Planning delay threatens FA funding
WE’RE on the ball over here.
Give a few days, 70 years ago Guernsey statesman were taken to task by this paper for failing to address the issue of traffic congestion in Victoria Avenue where, twice a week, throughout the football season, car-loving fans would inch their way out onto the seafront post-games.
That, of course, was when Guernsey football had ‘crowds’.
A cool 12,000-plus watched the 1949 final at The Track, a number bettered to 12,692 two years later.
Last Saturday, admittedly very wet, very miserable and the penultimate one before Christmas, a resurgent Green Lions were watched by a shade under 400 at Footes Lane.
Crowd and traffic control was clearly a problem back in those early post-Occupation days, but it is not now.
So why this interminably frustrating delay in handing the Guernsey FA and Guernsey FA the green light to develop a new stadium next to The Track?
The detailed plans have been with the Development and Planning Authority since March and Inside Track has learned that if permissions are not given in the next few weeks the January window to utilise the seven-figure financial boost from the Football Association in England will be shut.
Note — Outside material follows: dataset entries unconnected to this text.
(* For every integer $m>1$ and positive integers $w,d$ there is a number $\gamma=f(m,w,d)$ such that the following holds. Let $G$ be a connected graph with $\Delta(G)\leq d$, let $(T,\mathcal{Y})$ be a lean tree-decomposition of $G$ of width at most $w$, let $P$ be a path in $T$, and let $t_1,\ldots,t_{\gamma'}$ with $\gamma'\geq\gamma$ be interior vertices of $P$ occurring along $P$ in this order, such that for some positive integer $s$, $|Y_{t_i}|=s$ for all $i$ and $|Y_t|\ge s$ for all $t$ on $P$ between $t_1$ and $t_{\gamma'}$, and $Y_{t_i}\cap Y_{t_j}=U$ for all distinct $i,j$, for a fixed set $U\subseteq V(G)$. Then there is an integer $k\geq 0$ with $k+m\leq\gamma'$ such that $N(U)\cap\big(Y_P[t_{k+1},t_{k+m})\setminus U\big)=\emptyset$.
   Context: All graphs are finite and loopless but may have parallel edges. A tree-decomposition of $G$ is a pair $(T,\mathcal{Y})$ where $T$ is a tree and $\mathcal{Y}=\{Y_t\}_{t\in V(T)}$ is a family of subsets of $V(G)$ (bags) such that (W1) $\bigcup_{t} Y_t=V(G)$ and every edge of $G$ has both ends in some $Y_t$; and (W2) if $t'$ lies on the path of $T$ between $t$ and $t''$ then $Y_t\cap Y_{t''}\subseteq Y_{t'}$. Its width is $\max_t(|Y_t|-1)$. It is lean if additionally: (W3) for every two vertices $t,t'$ of $T$ and every positive integer $k$, either $G$ has $k$ vertex-disjoint paths between $Y_t$ and $Y_{t'}$, or some vertex $t''$ on the path of $T$ between $t$ and $t'$ has $|Y_{t''}|<k$; (W4) distinct vertices $t\ne t'$ of $T$ have $Y_t\neq Y_{t'}$; (W5) if $t_0\in V(T)$ and $B$ is a component of $T-t_0$, then $\bigcup_{t\in V(B)}Y_t\setminus Y_{t_0}\neq\emptyset$. For vertices $t',t''$ of the path $P$, $P[t',t'']$ is the subpath of $P$ between them, and $Y_P[t',t'')$ is the union of all bags $Y_t$ such that either $t\in V(P[t',t''])$, or $t\in V(T)\setminus V(P)$ and the unique path in $T$ from $t$ to $P$ ends at a vertex of $P[t',t'']-t''$. For $X\subseteq V(G)$, $N(X)$ is the set of vertices not in $X$ adjacent to some vertex of $X$. *)

theory Defs
  imports Main
begin

definition is_path :: "'a set \<Rightarrow> ('a \<Rightarrow> 'a \<Rightarrow> bool) \<Rightarrow> 'a list \<Rightarrow> bool" where
  "is_path V adj xs \<longleftrightarrow> xs \<noteq> [] \<and> distinct xs \<and> set xs \<subseteq> V \<and>
     (\<forall>i. Suc i < length xs \<longrightarrow> adj (xs ! i) (xs ! Suc i))"

definition path_betw :: "'a set \<Rightarrow> ('a \<Rightarrow> 'a \<Rightarrow> bool) \<Rightarrow> 'a list \<Rightarrow> 'a \<Rightarrow> 'a \<Rightarrow> bool" where
  "path_betw V adj xs a b \<longleftrightarrow> is_path V adj xs \<and> hd xs = a \<and> last xs = b"

definition connected_graph :: "'a set \<Rightarrow> ('a \<Rightarrow> 'a \<Rightarrow> bool) \<Rightarrow> bool" where
  "connected_graph V adj \<longleftrightarrow> V \<noteq> {} \<and> (\<forall>a\<in>V. \<forall>b\<in>V. \<exists>xs. path_betw V adj xs a b)"

definition is_component :: "'a set \<Rightarrow> ('a \<Rightarrow> 'a \<Rightarrow> bool) \<Rightarrow> 'a set \<Rightarrow> bool" where
  "is_component W adj B \<longleftrightarrow> (\<exists>b\<in>W. B = {x. \<exists>p. path_betw W adj p b x})"

section \<open>Finite loopless multigraphs: vertices V, edges E, ends e = set of the two ends\<close>

definition multigraph :: "'v set \<Rightarrow> 'e set \<Rightarrow> ('e \<Rightarrow> 'v set) \<Rightarrow> bool" where
  "multigraph V E ends \<longleftrightarrow> finite V \<and> finite E \<and> (\<forall>e\<in>E. ends e \<subseteq> V \<and> card (ends e) = 2)"

definition gadj :: "'e set \<Rightarrow> ('e \<Rightarrow> 'v set) \<Rightarrow> 'v \<Rightarrow> 'v \<Rightarrow> bool" where
  "gadj E ends u v \<longleftrightarrow> (\<exists>e\<in>E. ends e = {u, v})"

text \<open>Degree (parallel edges counted with multiplicity).\<close>
definition degree :: "'e set \<Rightarrow> ('e \<Rightarrow> 'v set) \<Rightarrow> 'v \<Rightarrow> nat" where
  "degree E ends v = card {e\<in>E. v \<in> ends e}"

definition nbhd :: "'v set \<Rightarrow> 'e set \<Rightarrow> ('e \<Rightarrow> 'v set) \<Rightarrow> 'v set \<Rightarrow> 'v set" where
  "nbhd V E ends X = {v \<in> V - X. \<exists>u\<in>X. gadj E ends u v}"

definition has_disj_paths :: "'v set \<Rightarrow> ('v \<Rightarrow> 'v \<Rightarrow> bool) \<Rightarrow> nat \<Rightarrow> 'v set \<Rightarrow> 'v set \<Rightarrow> bool" where
  "has_disj_paths V adj k A B \<longleftrightarrow> (\<exists>ps :: nat \<Rightarrow> 'v list.
     (\<forall>i<k. \<exists>a\<in>A. \<exists>b\<in>B. path_betw V adj (ps i) a b) \<and>
     (\<forall>i<k. \<forall>j<k. i \<noteq> j \<longrightarrow> set (ps i) \<inter> set (ps j) = {}))"

definition is_tree :: "'t set \<Rightarrow> ('t \<Rightarrow> 't \<Rightarrow> bool) \<Rightarrow> bool" where
  "is_tree VT adjT \<longleftrightarrow> finite VT \<and>
     (\<forall>x y. adjT x y \<longrightarrow> x \<in> VT \<and> y \<in> VT \<and> x \<noteq> y \<and> adjT y x) \<and>
     connected_graph VT adjT \<and>
     \<not> (\<exists>c. is_path VT adjT c \<and> 3 \<le> length c \<and> adjT (last c) (hd c))"

definition tree_decomp :: "'v set \<Rightarrow> 'e set \<Rightarrow> ('e \<Rightarrow> 'v set) \<Rightarrow> 't set \<Rightarrow> ('t \<Rightarrow> 't \<Rightarrow> bool) \<Rightarrow> ('t \<Rightarrow> 'v set) \<Rightarrow> bool" where
  "tree_decomp V E ends VT adjT Y \<longleftrightarrow> is_tree VT adjT \<and>
     (\<forall>t\<in>VT. Y t \<subseteq> V) \<and>
     (\<Union>t\<in>VT. Y t) = V \<and>
     (\<forall>e\<in>E. \<exists>t\<in>VT. ends e \<subseteq> Y t) \<and>
     (\<forall>t t' t'' p. path_betw VT adjT p t t'' \<and> t' \<in> set p \<longrightarrow> Y t \<inter> Y t'' \<subseteq> Y t')"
Whether that window of lovely, much-needed money to fund the project reopens any time soon is open to doubt, say deeply frustrated sources.
For point of record, the 1949 commentator suggested that the way to dispense with traffic issues back then was to make Victoria Avenue, or Track Lane, whichever you prefer, a one-way street with exit only via the ‘Rabbit Warren Lane’ that leads out towards Pitronnerie.
The appeals for reason clearly fell on deaf ears, because the rabbits have remained in relative peace ever since.
. FOOTBALL beats any other sport when it comes to driving opinion.
Eighteen months ago my thought was that Guernsey FC was on its knees, as the original team had understandably run out of steam and the replacements were not up to it. Well, I was wrong.
As GFC crowds continue to ebb away, the tide has turned out on the field and ‘the new team’ are playing some super stuff, matching it with the very best in front of Garenne Stand crowds.
Although the results don’t always come, there is life after Ross, Dom and ‘Cockers’.
Some of the recent performances have been wonderful to watch and while the cutting edge is not there, nobody can complain about the style. I’m loving it.
It remains to be seen how much the potential imminent departure of Charlton Gauvain to Bristol City will halt the upturn, but the coaching group have worked minor wonders and they should be applauded for that.
. COMPARED to football, forging an opinion on rugby is so difficult.
Unless you have played it to a high level and/or grown up within the game, how are we expected to see the underlying qualities of a good loose-head prop or a blindside flanker from 80 metres away?
You can, though, clearly see when a rugby team is stripped on confidence and Raiders’ spirits are understandably low as they queue up for bandaging.
Whether the gloom disperses any time soon it is hard to say, but at least the Guernsey Rugby Club, who have worked so, so hard to find new and extra funding to operate at National Two South level, can take succour from the remarkably consistent and big crowds drawn to home games.
If those crowds were dipping it would be a big worry for GRFC, but I don’t see them seeking a £150,000 grant from their local government any time soon.